When looking for a spot that the local Dutch dine in, it’s important to remember the golden rule: Dutch people don’t eat Dutch food out. Why would they, when they can eat it at home?
Yuzu Dining Bar is exactly the sort of place to go if you want to surround yourself with the young, trendy people of Amsterdam. The sizzle of the Binchotan (Japanese white charcoal) from the open kitchen mingles with the gentle buzz of diners sat on bar stools, slowly making their way through each part of the bird.
Japanese cuisine in The Netherlands only fully took off in the early 2010s, which makes the city a level playing field for exciting new Japanese joints. This means the prices are reasonable, and the quality is unmatched.
I tried nearly every yakitori item on the menu; not one skewer was dull. Yuzu Dining Bar affirms that chicken doesn’t simply have to taste of just chicken. Each skewer came prepared with its own delightful little twist –a personal favourite was the Hatsu – or chicken heart.

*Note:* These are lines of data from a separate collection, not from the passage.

lemma K_hom_graph_chain_Union:
  assumes C: "C \<in> chains {G. K_hom_graph G}" and ne: "C \<noteq> {}"
  shows "K_hom_graph (\<Union>C)"
proof -
  have G: "K_hom_graph G" if "G \<in> C" for G
    using C that unfolding chains_def by blast
  have common: "\<exists>G\<in>C. p \<in> G \<and> q \<in> G" if "p \<in> \<Union>C" "q \<in> \<Union>C" for p q
    using that chainsD[OF C] by blast
  show ?thesis
    unfolding K_hom_graph_def
  proof (intro conjI allI impI)
    fix a b c d assume "(a, b) \<in> \<Union>C" "(c, d) \<in> \<Union>C"
    with common obtain G where "G \<in> C" "(a, b) \<in> G" "(c, d) \<in> G"
      by blast
    then show "(a + c, b + d) \<in> \<Union>C" "(a * c, b * d) \<in> \<Union>C"
      using G unfolding K_hom_graph_def by blast+
  next
    fix a b assume "(a, b) \<in> \<Union>C"
    then show "(- a, - b) \<in> \<Union>C"
      using G unfolding K_hom_graph_def by blast
  next
    show "(emb c, emb c) \<in> \<Union>C" for c
      using ne G unfolding K_hom_graph_def by blast
  next
    fix a b b' assume "(a, b) \<in> \<Union>C" "(a, b') \<in> \<Union>C"
    with common obtain G where "G \<in> C" "(a, b) \<in> G" "(a, b') \<in> G"
      by blast
    then show "b = b'"
      using G unfolding K_hom_graph_def by blast
  qed
qed

lemma K_hom_graph_maximal_imp_total:
  assumes G: "K_hom_graph M" and max: "\<And>G. K_hom_graph G \<Longrightarrow> M \<subseteq> G \<Longrightarrow> G = M"
  shows "Domain M = UNIV"
proof (rule ccontr)
  note D = K_subring_Domain[OF G] and g = K_hom_on_graph_fun[OF G]
  assume "Domain M \<noteq> UNIV"
  then obtain z where z: "z \<notin> Domain M"
    by blast
  obtain m where m: "min_poly_over (Domain M) z m"
    using min_poly_over_exists[OF D] by blast
  then have "coeff (map_poly (graph_fun M) m) (degree m) = 1"
    by (simp add: min_poly_over_def coeff_map_poly K_hom_on_0[OF D g] K_hom_on_1[OF D g])
  then have "degree m \<le> degree (map_poly (graph_fun M) m)"
    by (intro le_degree) simp
  then have "degree (map_poly (graph_fun M) m) > 0"
    using min_poly_over_degree_pos[OF m] by linarith
  then obtain w where w: "poly (map_poly (graph_fun M) m) w = 0"
    using algebraically_closed by blast
  obtain f' where f': "K_hom_on (adjoin (Domain M) z) f'" "\<forall>a\<in>Domain M. f' a = graph_fun M a"
    by (rule K_hom_on_adjoin[OF D g m w])
  have "M \<subseteq> graph_on (adjoin (Domain M) z) f'"
    using subset_adjoin[OF D] f'(2) graph_on_graph_fun[OF G] unfolding graph_on_def by force
  then have "graph_on (adjoin (Domain M) z) f' = M"
    using max K_hom_graph_graph_on[OF K_subring_adjoin[OF D] f'(1)] by blast
  with z mem_adjoin[OF D] show False
    unfolding graph_on_def by blast
qed

lemma K_hom_on_extends_to_field:
  assumes S: "K_subring S" and f: "K_hom_on S f"
  obtains \<sigma> where "K_hom_on UNIV \<sigma>" "\<forall>a\<in>S. \<sigma> a = f a"
proof -
  define A where "A = {G. K_hom_graph G \<and> graph_on S f \<subseteq> G}"
  have "\<exists>U\<in>A. \<forall>G\<in>C. G \<subseteq> U" if C: "C \<in> chains A" for C
  proof (cases "C = {}")
    case True
    then show ?thesis
      using K_hom_graph_graph_on[OF S f] unfolding A_def by blast
  next
    case False
    have CA: "C \<subseteq> A"
      using C unfolding chains_def by blast
    then have "C \<in> chains {G. K_hom_graph G}"
      using C unfolding A_def chains_def chain_subset_def by blast
    then have "K_hom_graph (\<Union>C)"
      using False by (rule K_hom_graph_chain_Union)
    moreover have "graph_on S f \<subseteq> \<Union>C"
      using CA False unfolding A_def by blast
    ultimately show ?thesis
      unfolding A_def by blast
  qed
  then obtain M where M: "M \<in> A" and M_max: "\<forall>G\<in>A. M \<subseteq> G \<longrightarrow> G = M"
    using Zorn_Lemma2[of A] by blast
  then have G: "K_hom_graph M"
    unfolding A_def by blast
  have "Domain M = UNIV"
    by (rule K_hom_graph_maximal_imp_total[OF G]) (use M M_max in \<open>auto simp: A_def\<close>)
  moreover have "\<forall>a\<in>S. graph_fun M a = f a"
    using M graph_fun_eq[OF G] unfolding A_def graph_on_def by blast
  ultimately show ?thesis
    using K_hom_on_graph_fun[OF G] by (intro that) simp_all
qed

subsection \<open>The fixed field of the Galois group\<close>

lemma K_subring_UNIV: "K_subring UNIV"
  unfolding K_subring_def by blast

lemma K_subring_K: "K_subring (range emb)"
  unfolding K_subring_def by (auto simp flip: emb.hom_add emb.hom_mult emb.hom_uminus)

lemma poly_over_K_pderiv: "poly_over (range emb) p \<Longrightarrow> poly_over (range emb) (pderiv p)"
  unfolding poly_over_def
  by (metis coeff_pderiv K_subring_mult[OF K_subring_K] emb.hom_of_nat rangeI)

lemma K_hom_on_id: "K_hom_on S id"
  unfolding K_hom_on_def by simp

lemma is_field_hom_if_K_hom_on_UNIV: "K_hom_on UNIV \<sigma> \<Longrightarrow> is_field_hom \<sigma>"
  by (simp add: is_field_hom_def K_hom_on_1[OF K_subring_UNIV] K_hom_on_add[OF K_subring_UNIV]
      K_hom_on_mult[OF K_subring_UNIV])

text \<open>An injective K-endomorphism permutes the finitely many roots in the algebraic closure
  of a nonzero polynomial over K.\<close>
lemma K_hom_on_UNIV_surj:
  assumes \<sigma>: "K_hom_on UNIV \<sigma>"
  shows "surj \<sigma>"
proof -
  interpret \<sigma>: field_hom \<sigma>
    using \<sigma> by (intro field_hom_if_is_field_hom is_field_hom_if_K_hom_on_UNIV)
  have "b \<in> range \<sigma>" for b
  proof -
    obtain p where p: "p \<noteq> 0" "poly (map_poly emb p) b = 0"
      using algebraic_over_K by blast
    define P where "P = map_poly emb p"
    define R where "R = {t. poly P t = 0}"
    have "finite R"
      unfolding R_def P_def using p(1) by (simp add: poly_roots_finite)
    moreover have "map_poly \<sigma> P = P"
      unfolding P_def by (rule poly_eqI) (simp add: coeff_map_poly K_hom_on_emb[OF K_subring_UNIV \<sigma>])
    then have "poly P (\<sigma> t) = \<sigma> (poly P t)" for t
      using K_hom_on_poly[OF K_subring_UNIV \<sigma>, of P t] poly_over_map_emb[OF K_subring_UNIV]
      unfolding P_def by simp
    then have "\<sigma> ` R \<subseteq> R"
      unfolding R_def by auto
    moreover have "inj_on \<sigma> R"
      using \<sigma>.inj_f by (rule inj_on_subset) simp
    ultimately have "\<sigma> ` R = R"
      by (rule endo_inj_surj)
    moreover have "b \<in> R"
      unfolding R_def P_def using p by simp
    ultimately show ?thesis
      by blast
  qed
  then show ?thesis
    by blast
qed

lemma K_hom_on_UNIV_in_galois_group:
  assumes \<sigma>: "K_hom_on UNIV \<sigma>"
  shows "\<sigma> \<in> galois_group emb"
proof -
  have "is_field_hom \<sigma>"
    using \<sigma> by (rule is_field_hom_if_K_hom_on_UNIV)
  then interpret \<sigma>: field_hom \<sigma>
    by (rule field_hom_if_is_field_hom)
  show ?thesis
    using \<open>is_field_hom \<sigma>\<close> \<sigma>.inj_f K_hom_on_UNIV_surj[OF \<sigma>] K_hom_on_emb[OF K_subring_UNIV \<sigma>]
    unfolding galois_group_def bij_def by blast
qed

I could make a pun on how it’s not for the chicken-hearted, but that would be wrong. Everyone should try chicken heart. I’ll take the small, smokey-sweet bites, plump in texture and full in flavour over chicken nuggets any day. Other standouts included the chicken meatball, fragrant with ginger and lemongrass, served with a soy-preserved egg yolk to dip into.
When eating out, I always select places which serve food I could never recreate at home. Yes, I could butcher a whole chicken, but I don’t possess Japanese white charcoal, nor do I know the age-old cooking technique of warayaki, a method which involves burning straw to extremely high temperatures to sear meat, keeping its moisture locked in.
Yuzu Dining Bar is the sort of place you go for slow dining: I suggest ordering at least five yakitori, before making your way through the signature dishes. The Katsu Sando, a deep-fried chicken cutlet on fluffy bread and yuzu ketchup, as well as the Sea Bream Sashimi with chicken crackling were personal favourites. Order with a side of Miso Cucumber for palette cleanser.Â
Finish with a measure of their sharp, lip-smacking yuzu sake, and call it a night. That’s how the locals do it.